From 'I Do' to 'What If': Estate Planning Must-Do's for Newlyweds - Part 2
Arati Bhattacharya
Seasoned Lawyer for Modern Day Businesses and Families | Legal Disruptor | Collaborator | Philanthropist
This week, we’re continuing the conversation with three more estate planning must-do’s for newlyweds.
04 | A Living Trust
With a trust, no court involvement is needed, and you can set parameters for how you want your assets distributed over a predetermined amount of time.
For example, if you have children or plan to, you can ensure the assets are safeguarded in the trust until your children reach a certain age. If you have children from a prior relationship, you can also make sure that your new spouse is financially supported by your assets during their lifetime but that your remaining assets will be returned to your children after your new spouse’s death instead of going to your spouse’s side of the family.

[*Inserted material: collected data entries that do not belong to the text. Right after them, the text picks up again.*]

(* Let $n\ge1$, let $X=\{x_1,\dots,x_n\}$, and let $$W=\{x_ix_jx_k,\ x_ix_kx_j,\ x_ix_jx_ix_k : i>j>k\}\cup\{x_ix_jx_j,\ x_ix_ix_j : i>j\}\subseteq X^*.$$ Let $Q_W$ be the Ufnarovskiĭ graph of $W$ and $W^{(i)}$ the set of $i$-chains, as described in the context. Then: (a) $|W^{(\frac{n(n+1)}2-1)}|=1$, and the unique element of $W^{(\frac{n(n+1)}2-1)}$ has maximal degree among all Anick chains. (b) $W^{(m)}=\emptyset$ for all $m\ge\frac{n(n+1)}2$. (c) $Q_W$ is a finite quiver without oriented cycles. (d) Each $W^{(i)}$ is a finite set.
   Context: $X^*$ is the free monoid on $X$, with empty word $1$. $W$ is the set of leading words of the Gröbner–Shirshov basis of the Chinese algebra of rank $n$, with respect to the length-lexicographic order with $x_n>\dots>x_1$; it is given explicitly in the statement. The Ufnarovskiĭ graph $Q_W$: - Its vertex set is $\{1\}\cup X\cup\{u: u$ is a nonempty proper right factor (suffix) of some element of $W\}$. - It has arrows $1\to x_i$ for each $i$. - It has arrows $u\to v$ between nonempty words whenever the word $uv$ contains some element of $W$ as a factor, but no proper left factor (prefix) of $uv$ does. Chains: - For $i\ge0$, an $i$-chain (Anick chain) is a sequence $(v_1,\dots,v_{i+1})$ of nonempty words such that $1\to v_1\to\cdots\to v_{i+1}$ is a path in $Q_W$. $W^{(i)}$ is the set of $i$-chains, and $W^{(-1)}$ consists of the single empty chain. - The degree of a chain $(v_1,\dots,v_{i+1})$ is the length of the word $v_1\cdots v_{i+1}$; its weight is $i+1$. *)

theory Defs
  imports Main "HOL-Library.Sublist"
begin

text \<open>Letters x_1,...,x_n are encoded as the natural numbers 1..n; words in X^* are
  lists of naturals, the empty word 1 is the empty list.\<close>

definition alphabet :: "nat \<Rightarrow> nat set" where
  "alphabet n = {1..n}"

text \<open>Leading words of the Groebner--Shirshov basis of the Chinese algebra of rank n.\<close>
definition chineseW :: "nat \<Rightarrow> nat list set" where
  "chineseW n =
     {[i, j, k] | i j k. i \<le> n \<and> i > j \<and> j > k \<and> k \<ge> 1}
   \<union> {[i, k, j] | i j k. i \<le> n \<and> i > j \<and> j > k \<and> k \<ge> 1}
   \<union> {[i, j, i, k] | i j k. i \<le> n \<and> i > j \<and> j > k \<and> k \<ge> 1}
   \<union> {[i, j, j] | i j. i \<le> n \<and> i > j \<and> j \<ge> 1}
   \<union> {[i, i, j] | i j. i \<le> n \<and> i > j \<and> j \<ge> 1}"

definition contains_factor :: "nat list set \<Rightarrow> nat list \<Rightarrow> bool" where
  "contains_factor W w \<longleftrightarrow> (\<exists>u\<in>W. sublist u w)"

definition uf_vertices :: "nat list set \<Rightarrow> nat set \<Rightarrow> nat list set" where
  "uf_vertices W X = {[]} \<union> {[x] | x. x \<in> X}
      \<union> {u. u \<noteq> [] \<and> (\<exists>w\<in>W. strict_suffix u w)}"

definition uf_arrows :: "nat list set \<Rightarrow> nat set \<Rightarrow> (nat list \<times> nat list) set" where
  "uf_arrows W X =
     {([], [x]) | x. x \<in> X}
   \<union> {(u, v) | u v. u \<in> uf_vertices W X \<and> v \<in> uf_vertices W X \<and> u \<noteq> [] \<and> v \<noteq> []
        \<and> contains_factor W (u @ v)
        \<and> \<not> (\<exists>p. strict_prefix p (u @ v) \<and> contains_factor W p)}"

definition chains :: "nat list set \<Rightarrow> nat set \<Rightarrow> nat \<Rightarrow> nat list list set" where
  "chains W X i = {vs. length vs = i + 1 \<and> (\<forall>v\<in>set vs. v \<noteq> [])
      \<and> ([], vs ! 0) \<in> uf_arrows W X
      \<and> (\<forall>k<i. (vs ! k, vs ! Suc k) \<in> uf_arrows W X)}"

definition chain_degree :: "nat list list \<Rightarrow> nat" where
  "chain_degree vs = length (concat vs)"

end

theory Submission
  imports Defs "HOL-Library.Product_Lexorder"
begin

text \<open>
  Every nonempty vertex of \<open>Q\<^sub>W\<close> is a word of length at most 3, and we attach to it a key
  \<open>(a, b)\<close> with \<open>1 \<le> b \<le> a \<le> n\<close>. Along every arrow the key strictly decreases in the
  lexicographic order, and when it drops to the immediate predecessor the target is forced to be
  the canonical vertex \<open>[a]\<close> or \<open>[a, b]\<close> of the new key. There are \<open>n(n+1)/2\<close> keys, so this
  bounds the length of chains; a chain of maximal length visits every key, starting from
  \<open>[n]\<close>, hence is unique. Moreover the quantity \<open>(a - 1)\<^sup>2 + 2b - 2\<close> drops along every arrow
  by at least the length of the target, which bounds the degree of any chain by \<open>n\<^sup>2\<close>, and
  the maximal chain attains this bound.
\<close>

lemma contains_factor_prefix_mono:
  "contains_factor W p \<Longrightarrow> prefix p q \<Longrightarrow> contains_factor W q"
  unfolding contains_factor_def by (meson prefix_imp_sublist sublist_order.order.trans)

lemma ex_strict_prefix_contains_factor_iff:
  assumes "w \<noteq> []"
  shows "(\<exists>p. strict_prefix p w \<and> contains_factor W p) \<longleftrightarrow> contains_factor W (butlast w)"
proof
  assume "\<exists>p. strict_prefix p w \<and> contains_factor W p"
  then obtain p z where "contains_factor W p" "w = p @ z" "z \<noteq> []"
    by (auto simp: strict_prefix_def prefix_def)
  then show "contains_factor W (butlast w)"
    by (metis butlast_append contains_factor_prefix_mono prefixI)
next
  assume "contains_factor W (butlast w)"
  moreover have "strict_prefix (butlast w) w"
    using assms
    by (metis append_butlast_last_id append_self_conv not_Cons_self2 prefixI strict_prefixI)
  ultimately show "\<exists>p. strict_prefix p w \<and> contains_factor W p" by blast
qed

lemma uf_arrows_Nil_iff: "([], v) \<in> uf_arrows W X \<longleftrightarrow> (\<exists>x\<in>X. v = [x])"
  by (auto simp: uf_arrows_def)

lemma uf_arrows_iff:
  assumes "u \<noteq> []"
  shows "(u, v) \<in> uf_arrows W X \<longleftrightarrow> u \<in> uf_vertices W X \<and> v \<in> uf_vertices W X \<and> v \<noteq> []
    \<and> contains_factor W (u @ v) \<and> \<not> contains_factor W (butlast (u @ v))"
  using assms ex_strict_prefix_contains_factor_iff[of "u @ v" W] by (auto simp: uf_arrows_def)

lemma uf_arrows_subset: "uf_arrows W X \<subseteq> uf_vertices W X \<times> uf_vertices W X"
  by (auto simp: uf_arrows_def uf_vertices_def)

lemma finite_uf_vertices:
  assumes "finite W" "finite X"
  shows "finite (uf_vertices W X)"
proof (rule finite_subset)
  show "uf_vertices W X \<subseteq> insert [] ((\<lambda>x. [x]) ` X \<union> (\<Union>w\<in>W. set (suffixes w)))"
    by (auto simp: uf_vertices_def strict_suffix_def)
  show "finite (insert [] ((\<lambda>x. [x]) ` X \<union> (\<Union>w\<in>W. set (suffixes w))))"
    using assms by simp
qed

lemma finite_uf_arrows: "finite (uf_vertices W X) \<Longrightarrow> finite (uf_arrows W X)"
  by (rule finite_subset[OF uf_arrows_subset]) simp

Having a trust hold your children’s inheritance can also help eliminate conflict between step-siblings and between your children and your spouse. Even if your children are adults, leaving their inheritance in a trust can help avoid family conflict and provide them with a lifetime of asset protection from creditors and lawsuits.
Finally, using a trust as the main vehicle to distribute your assets during your incapacity and after your death allows you to design a custom plan for what happens to your assets far into the future, ensuring that the goals you have for your loved ones are nourished and that your assets are carefully managed and protected even after you’re gone. You can do this by creating contingencies and incentives in your trust that encourage your heirs to behave in certain ways. For example, for your sibling to receive their inheritance, you could require that they seek drug counseling first, or that your children pursue a course of study before receiving a distribution of income from the trust.
05 | A Will
A will allows you to designate who should receive any assets of yours that aren’t already included in your trust or directed by beneficiary designations. Ideally, your trust will include all of your assets. But if you forget to add an asset to your trust, a will ensures that the forgotten asset is “poured over” into your trust and included under its terms for how you want your assets to be distributed and managed.
If you don’t have a trust, your will designates who will receive your assets through the court probate process. Your will may also direct any charitable donations you want to make and can be used to create a trust upon your death if the circumstances call for it- such as if one of your heirs is disabled at the time of your death.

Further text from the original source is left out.